The Adoption and Jewish Identity Project supports Jewish adoptees and their families in creating healthy personal, family, and communal identities, and advocates for an inclusive Jewish community that is fully welcoming to adoptees.

About 10 years ago, it became increasingly clear to us – both Jewish adoptive mothers, Jayne to a daughter in her late teens adopted in a same-race domestic adoption and Jenny to a then-toddler adopted from China – that Jewish adoptees face a unique set of circumstances. We knew from first-hand experience that many Jewish adoptees grapple with a unique set of identity issues, and that their parents can feel isolated and alone as they strive to support their children in their identity journeys. While some of these challenges are common to all adoptees, others are specific to the Jewish community, rooted in common assumptions about what a Jew looks like, “Jewish” abilities, and what makes someone authentically Jewish.

Searching for resources for ourselves and our children, we realized that virtually none existed. In fact, despite the fact that American Jews adopt at about twice the rate of the general population, very little was known about the real-life experiences of Jewish adoptees and their families. We created the Adoption & Jewish Identity Project (AJIP) to address this void.

AJIP began as a research project. In 2010 we launched the first-ever in-depth survey of American Jewish adoptive parents. While this survey provided valuable context, we knew from the outset that the voices of adoptees must be central to any effort to understand the adoptive experience. In 2014 we embarked on an oral history project with a diverse group of adoptees raised in American Jewish families. Their reflections – on their experiences in the Jewish community, on their birth heritages and first families, and on their multifaceted and evolving identities – are at the heart of AJIP’s work.

We’re now hard at work on a book that explores Jewish adoption in its full complexity.

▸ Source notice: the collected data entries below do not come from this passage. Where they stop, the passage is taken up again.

text \<open>The pseudoinverse is only a generalized inverse of the core, so this uses positive
  semidefiniteness: AQ annihilates every t with core t = 0, since (Qt) \<bullet> A (Qt) = t \<bullet> core t = 0.\<close>
lemma nystrom_mult_isometry:
  assumes x: "x \<in> carrier_vec k"
  shows "nystrom A Q *\<^sub>v (Q *\<^sub>v x) = sketch *\<^sub>v x"
proof -
  define x' where "x' = pinv core *\<^sub>v (core *\<^sub>v x)"
  have x': "x' \<in> carrier_vec k" unfolding x'_def using pinv_core core_mat x by simp
  have "core *\<^sub>v x' = core *\<^sub>v x"
    unfolding x'_def
    by (metis pinv_core(3) assoc_mult3_mat_vec[OF core_mat(1) pinv_core(1) core_mat(1) x])
  then have "core *\<^sub>v (x - x') = 0\<^sub>v k"
    using core_mat x x' by (simp add: mult_minus_distrib_mat_vec)
  then have "(Q *\<^sub>v (x - x')) \<bullet> (A *\<^sub>v (Q *\<^sub>v (x - x'))) = 0"
    using core_quadratic_form[of "x - x'"] x x' by simp
  then have "A *\<^sub>v (Q *\<^sub>v (x - x')) = 0\<^sub>v n"
    using psd_quadratic_form_zero[OF A A_psd] Q x x' by simp
  then have "sketch *\<^sub>v (x - x') = 0\<^sub>v n"
    unfolding sketch_def using A Q x x' by simp
  then have "sketch *\<^sub>v x - sketch *\<^sub>v x' = 0\<^sub>v n"
    using sketch_mat x x' by (simp add: mult_minus_distrib_mat_vec)
  then have sketch_x: "sketch *\<^sub>v x' = sketch *\<^sub>v x"
    using sketch_mat x x' minus_vec_eq_zeroD[of "sketch *\<^sub>v x" n "sketch *\<^sub>v x'"] by simp
  have "sketch\<^sup>T *\<^sub>v (Q *\<^sub>v x) = core *\<^sub>v x"
    using sketch_transpose_mult_vec core_mult_vec x A Q unfolding sketch_def by simp
  then have "nystrom A Q *\<^sub>v (Q *\<^sub>v x) = sketch *\<^sub>v x'"
    unfolding nystrom_eq x'_def using assoc_mult3_mat_vec[OF sketch_mat(1) pinv_core(1) sketch_mat(2)] Q x
    by simp
  with sketch_x show ?thesis by simp
qed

At the same time, we have begun to shift our focus away from an emphasis on research. In 2017, AJIP became a sponsored project of Jumpstart Labs, a “thinkubator” for new approaches to building organizations within and beyond the Jewish community. We also gathered a dynamic Advisory Board, made up of a diverse group of adoptees, adoptive parents, and adoption professionals. Under their guidance, we are creating a non-profit organization, dedicated to education, advocacy, and support:

  • education about adoption within American Jewry,
  • advocacy for an inclusive Jewish community that is fully welcoming to adoptees,
  • support for adoptees, their families, and those who work with them.

We invite you to join with us in our work to create a more just, equitable, and inclusive Jewish world.

“Growing up, I felt like a really good imposter.  I could fit in within this cookie cutter intense environment, but I didn’t feel I belonged.”

(Transnational, transracial adoptee from Columbia) 

“No matter which way I tried to feel out my Honduran heritage, I was culturally incompetent in what was supposed to be mine.”

(Transnational, transracial adoptee from Honduras)

“As a blond, blue-eyed kid at Solomon Schechter, I was plopped into a homogeneous soup. I was asked why I looked different—I wasn’t really sure.”

(Domestic, white, same-race adoptee)

“I think the Jewish community is strong enough to open its borders more.  I’m also asking it to be brave, to be uncomfortable.”